We continue our journey into algorithms that predicts distributions and this time we talk about the Aggregating Algorithm.

1. The Aggregating Algorithm and Mixable Losses

Here, we show how to extend the Weighted Average Algorithm (WAA) we saw last time to a larger class of loss functions. We will assume {P_1} to be a probability density with respect to a measure {m} of the set {\mathcal{X}}, the domain of the losses. As before, for the set {\mathcal{X}}, we define by {\Delta(\mathcal{X})} the set of all probability distributions with support on {\mathcal{X}}

In the case of {\alpha}-exp-concave losses, we used the fact that

\displaystyle \lambda_t\ln \mathop{\mathbb E}_{{\boldsymbol x} \sim P_t} \left[\exp\left(-\frac{1}{\lambda_t} \ell_t({\boldsymbol x})\right)\right] + \ell_t\left(\mathop{\mathbb E}_{{\boldsymbol x} \sim P_t}[{\boldsymbol x}]\right) \leq0,

for all {\frac{1}{\lambda_t} \leq \alpha}. Now, we want to extend the class of functions where we can use a similar inequality. So, we introduce a more general class of losses, the {\alpha}-mixable ones.
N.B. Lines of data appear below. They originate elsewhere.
(* Consider the linear model $\mathbf{y}=\alpha\mathbf{1}_n+\mathbf{X}\boldsymbol{\beta}+\sigma\boldsymbol{\epsilon}$, where the error vector $\boldsymbol{\epsilon}$ has a spherically symmetric density $f(\boldsymbol{\epsilon}'\boldsymbol{\epsilon})$ on $\mathbb{R}^n$ with $E[\boldsymbol{\epsilon}]=\mathbf{0}_n$ and $\mathrm{Var}[\boldsymbol{\epsilon}]=\mathbf{I}_n$. Let $\pi(\alpha,\boldsymbol{\beta})$ be a nonnegative (possibly improper) prior density on $(\alpha,\boldsymbol{\beta})\in\mathbb{R}\times\mathbb{R}^p$ and consider the joint (generalized) prior $\pi(\alpha,\boldsymbol{\beta},\sigma^2)=\pi(\alpha,\boldsymbol{\beta})\{\sigma^2\}^{-1}$. Then the generalized Bayes estimator of $\sigma^2$ with respect to this prior under Stein's loss $L_S(\delta,\sigma^2)=\delta/\sigma^2-\log(\delta/\sigma^2)-1$ does not depend on the particular spherically symmetric density $f$; in particular it coincides with the generalized Bayes estimator obtained when $\boldsymbol{\epsilon}\sim N_n(\mathbf{0}_n,\mathbf{I}_n)$.
   Context: Here $\mathbf{y}\in\mathbb{R}^n$ is observed, $\alpha\in\mathbb{R}$ is an unknown intercept, $\mathbf{1}_n$ is the $n$-vector of ones, $\mathbf{X}=(\mathbf{x}_1,\dots,\mathbf{x}_p)$ is a known $n\times p$ design matrix whose columns are centered ($\mathbf{x}_i'\mathbf{1}_n=0$) and linearly independent (rank $p$), $n>p+1$, $\boldsymbol{\beta}\in\mathbb{R}^p$ is unknown, and $\sigma>0$ is unknown. The generalized Bayes estimator under Stein's loss is the estimator minimizing the (generalized) posterior expected loss, namely $\{E[1/\sigma^2\mid\mathbf{y}]\}^{-1}$, where the posterior is formed from the likelihood $\sigma^{-n}f(\|\mathbf{y}-\alpha\mathbf{1}_n-\mathbf{X}\boldsymbol{\beta}\|^2/\sigma^2)$ and the given prior (assumed to yield finite posterior quantities). *)

theory Defs
  imports "HOL-Analysis.Analysis"
begin

definition spherical_error_density :: "(real \<Rightarrow> real) \<Rightarrow> ('n::finite) itself \<Rightarrow> bool" where
  "spherical_error_density f TYPE('n) \<longleftrightarrow>
     f \<in> borel_measurable borel \<and>
     (\<forall>t\<ge>0. 0 \<le> f t) \<and>
     integrable lborel (\<lambda>e::real^'n. f (e \<bullet> e)) \<and>
     (\<integral>e. f (e \<bullet> e) \<partial>(lborel :: (real^'n) measure)) = 1 \<and>
     integrable lborel (\<lambda>e::real^'n. f (e \<bullet> e) *\<^sub>R e) \<and>
     (\<integral>e. f (e \<bullet> e) *\<^sub>R e \<partial>(lborel :: (real^'n) measure)) = 0 \<and>
     (\<forall>i j. integrable lborel (\<lambda>e::real^'n. e $ i * e $ j * f (e \<bullet> e)) \<and>
            (\<integral>e. e $ i * e $ j * f (e \<bullet> e) \<partial>(lborel :: (real^'n) measure))
              = (if i = j then 1 else 0))"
Definition 1. Let {f:\mathcal{X}\rightarrow {\mathbb R}}. We say that {f} is {\alpha}-mixable if there exists a mapping {s:\Delta(\mathcal{X}) \rightarrow \mathcal{V}} called substitution function such that

\displaystyle \frac{1}{\alpha}\ln \mathop{\mathbb E}_{{\boldsymbol x} \sim P} [\exp(-\alpha f({\boldsymbol x}))] + f\left(s(P)\right) \leq0, \quad \forall P \in \Delta(\mathcal{X})~.

It is clear that the proof of WAA we saw last time holds for {{\boldsymbol x}_t=s(P_t)} and {\lambda_t \geq \frac{1}{\alpha}}, instead of {{\boldsymbol x}_t = \mathop{\mathbb E}_{{\boldsymbol x} \sim P_t} [{\boldsymbol x}]}. Moreover, every exp-concave function is mixable because the substitution function is {s(P)=\mathop{\mathbb E}_{{\boldsymbol x} \sim P}[{\boldsymbol x}]}. This implies that all the following regret guarantees hold for exp-concave functions too.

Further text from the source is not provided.